▶ SOURCE DATA:
------------------------------

definition grad :: "('a::real_inner \<Rightarrow> real) \<Rightarrow> 'a \<Rightarrow> 'a" where
  "grad f s = (SOME g. (f has_derivative (\<lambda>h. g \<bullet> h)) (at s))"

definition self_concordant :: "('a::euclidean_space) set \<Rightarrow> ('a \<Rightarrow> real) \<Rightarrow> bool" where
  "self_concordant K f \<longleftrightarrow>
     (\<forall>x p. (\<forall>k. x k \<in> interior K) \<longrightarrow> x \<longlonglongrightarrow> p \<longrightarrow> p \<in> frontier K
            \<longrightarrow> filterlim (\<lambda>k. f (x k)) at_top sequentially) \<and>
     (\<exists>D1 D2 D3.
        (\<forall>s\<in>interior K. (f has_derivative D1 s) (at s)) \<and>
        (\<forall>s\<in>interior K. \<forall>h. ((\<lambda>t. D1 t h) has_derivative D2 s h) (at s)) \<and>
        (\<forall>s\<in>interior K. \<forall>h k. ((\<lambda>t. D2 t h k) has_derivative D3 s h k) (at s)) \<and>
        (\<forall>s\<in>interior K. \<forall>r. 0 \<le> D2 s r r \<and>
              \<bar>D3 s r r r\<bar> \<le> 2 * (D2 s r r) powr (3/2)))"

definition LHSCB :: "('a::euclidean_space) set \<Rightarrow> ('a \<Rightarrow> real) \<Rightarrow> real \<Rightarrow> bool" where
  "LHSCB K f \<nu> \<longleftrightarrow> \<nu> > 0 \<and> self_concordant K f \<and>
     (\<forall>s\<in>interior K. \<forall>\<tau>>0. f (\<tau> *\<^sub>R s) = f s - \<nu> * ln \<tau>)"

definition barrier_prox :: "('a::euclidean_space) set \<Rightarrow> real \<Rightarrow> ('a \<Rightarrow> real) \<Rightarrow> 'a \<Rightarrow> 'a" where
  "barrier_prox K \<mu> f c = arg_min_on (\<lambda>s. (1/2) * (norm (s - c))\<^sup>2 + \<mu> * f s) (interior K)"

definition residual ::
  "real^'n^'n \<Rightarrow> real^'n \<Rightarrow> real^'n^'m \<Rightarrow> real^'m \<Rightarrow> real^'n \<Rightarrow> real^'m \<Rightarrow> real^'m
     \<Rightarrow> (real^'n) \<times> (real^'m)" where
  "residual P q A b x s z =
     (P *v x + transpose A *v z + q, - (A *v x) + b - s)"

definition psd :: "real^'n^'n \<Rightarrow> bool" where
  "psd P \<longleftrightarrow> transpose P = P \<and> (\<forall>x. 0 \<le> x \<bullet> (P *v x))"

end

theory Submission
  imports Defs
begin

text \<open>
  A minimiser exists because f, being
  convex, decreases at most linearly while it blows up at the boundary of K, so the sublevel sets
  are compact subsets of int K. Fermat's rule gives s0 - c = - mu0 grad f(s0), i.e.
  z0 = - (mu0/lam) grad f(s0). Differentiating f(t s) = f(s) - nu ln t at t = 1 gives Euler's
  identity <grad f(s), s> = - nu, whence <s0, z0> = nu mu0 / lam. Finally, - grad f(s) lies in
  the interior of the dual cone: homogeneity and convexity give <grad f(s), u> <= 0 for u in K,
  and equality for some u \<noteq> 0 would make f constant along the line s + t u as long as it stays
  in int K. This is where self-concordance enters: along the line, |g3| <= 2 g2^(3/2) for the
  second and third derivatives, so by a Gronwall argument g2 cannot vanish at one point without
  vanishing on the whole segment. Since K is pointed, the line leaves K through a boundary point,
  where f must blow up.
\<close>

lemma grad_eqI:
  fixes f :: "'a::real_inner \<Rightarrow> real"
  assumes "(f has_derivative (\<lambda>h. g \<bullet> h)) (at s)"
  shows "grad f s = g"
proof -
  have "(f has_derivative (\<lambda>h. grad f s \<bullet> h)) (at s)"
    unfolding grad_def using assms by (rule someI)
  then have "(\<lambda>h. grad f s \<bullet> h) = (\<lambda>h. g \<bullet> h)"
    using assms by (rule has_derivative_unique)
  then have "(grad f s - g) \<bullet> (grad f s - g) = 0"
    by (metis inner_diff_left right_minus_eq)
  then show ?thesis
    by simp
qed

------------------------------

▶ INSTRUCTIONS TO FOLLOW: Repeat the material word for word, in full.

▶ SOLUTION FOR THIS PROBLEM:
definition grad :: "('a::real_inner \<Rightarrow> real) \<Rightarrow> 'a \<Rightarrow> 'a" where
  "grad f s = (SOME g. (f has_derivative (\<lambda>h. g \<bullet> h)) (at s))"

definition self_concordant :: "('a::euclidean_space) set \<Rightarrow> ('a \<Rightarrow> real) \<Rightarrow> bool" where
  "self_concordant K f \<longleftrightarrow>
     (\<forall>x p. (\<forall>k. x k \<in> interior K) \<longrightarrow> x \<longlonglongrightarrow> p \<longrightarrow> p \<in> frontier K
            \<longrightarrow> filterlim (\<lambda>k. f (x k)) at_top sequentially) \<and>
     (\<exists>D1 D2 D3.
        (\<forall>s\<in>interior K. (f has_derivative D1 s) (at s)) \<and>
        (\<forall>s\<in>interior K. \<forall>h. ((\<lambda>t. D1 t h) has_derivative D2 s h) (at s)) \<and>
        (\<forall>s\<in>interior K. \<forall>h k. ((\<lambda>t. D2 t h k) has_derivative D3 s h k) (at s)) \<and>
        (\<forall>s\<in>interior K. \<forall>r. 0 \<le> D2 s r r \<and>
              \<bar>D3 s r r r\<bar> \<le> 2 * (D2 s r r) powr (3/2)))"

definition LHSCB :: "('a::euclidean_space) set \<Rightarrow> ('a \<Rightarrow> real) \<Rightarrow> real \<Rightarrow> bool" where
  "LHSCB K f \<nu> \<longleftrightarrow> \<nu> > 0 \<and> self_concordant K f \<and>
     (\<forall>s\<in>interior K. \<forall>\<tau>>0. f (\<tau> *\<^sub>R s) = f s - \<nu> * ln \<tau>)"

definition barrier_prox :: "('a::euclidean_space) set \<Rightarrow> real \<Rightarrow> ('a \<Rightarrow> real) \<Rightarrow> 'a \<Rightarrow> 'a" where
  "barrier_prox K \<mu> f c = arg_min_on (\<lambda>s. (1/2) * (norm (s - c))\<^sup>2 + \<mu> * f s) (interior K)"

definition residual ::
  "real^'n^'n \<Rightarrow> real^'n \<Rightarrow> real^'n^'m \<Rightarrow> real^'m \<Rightarrow> real^'n \<Rightarrow> real^'m \<Rightarrow> real^'m
     \<Rightarrow> (real^'n) \<times> (real^'m)" where
  "residual P q A b x s z =
     (P *v x + transpose A *v z + q, - (A *v x) + b - s)"

definition psd :: "real^'n^'n \<Rightarrow> bool" where
  "psd P \<longleftrightarrow> transpose P = P \<and> (\<forall>x. 0 \<le> x \<bullet> (P *v x))"

end

theory Submission
  imports Defs
begin

text \<open>
  A minimiser exists because f, being
  convex, decreases at most linearly while it blows up at the boundary of K, so the sublevel sets
  are compact subsets of int K. Fermat's rule gives s0 - c = - mu0 grad f(s0), i.e.
  z0 = - (mu0/lam) grad f(s0). Differentiating f(t s) = f(s) - nu ln t at t = 1 gives Euler's
  identity <grad f(s), s> = - nu, whence <s0, z0> = nu mu0 / lam. Finally, - grad f(s) lies in
  the interior of the dual cone: homogeneity and convexity give <grad f(s), u> <= 0 for u in K,
  and equality for some u \<noteq> 0 would make f constant along the line s + t u as long as it stays
  in int K. This is where self-concordance enters: along the line, |g3| <= 2 g2^(3/2) for the
  second and third derivatives, so by a Gronwall argument g2 cannot vanish at one point without
  vanishing on the whole segment. Since K is pointed, the line leaves K through a boundary point,
  where f must blow up.
\<close>

lemma grad_eqI:
  fixes f :: "'a::real_inner \<Rightarrow> real"
  assumes "(f has_derivative (\<lambda>h. g \<bullet> h)) (at s)"
  shows "grad f s = g"
proof -
  have "(f has_derivative (\<lambda>h. grad f s \<bullet> h)) (at s)"
    unfolding grad_def using assms by (rule someI)
  then have "(\<lambda>h. grad f s \<bullet> h) = (\<lambda>h. g \<bullet> h)"
    using assms by (rule has_derivative_unique)
  then have "(grad f s - g) \<bullet> (grad f s - g) = 0"
    by (metis inner_diff_left right_minus_eq)
  then show ?thesis
    by simp
qed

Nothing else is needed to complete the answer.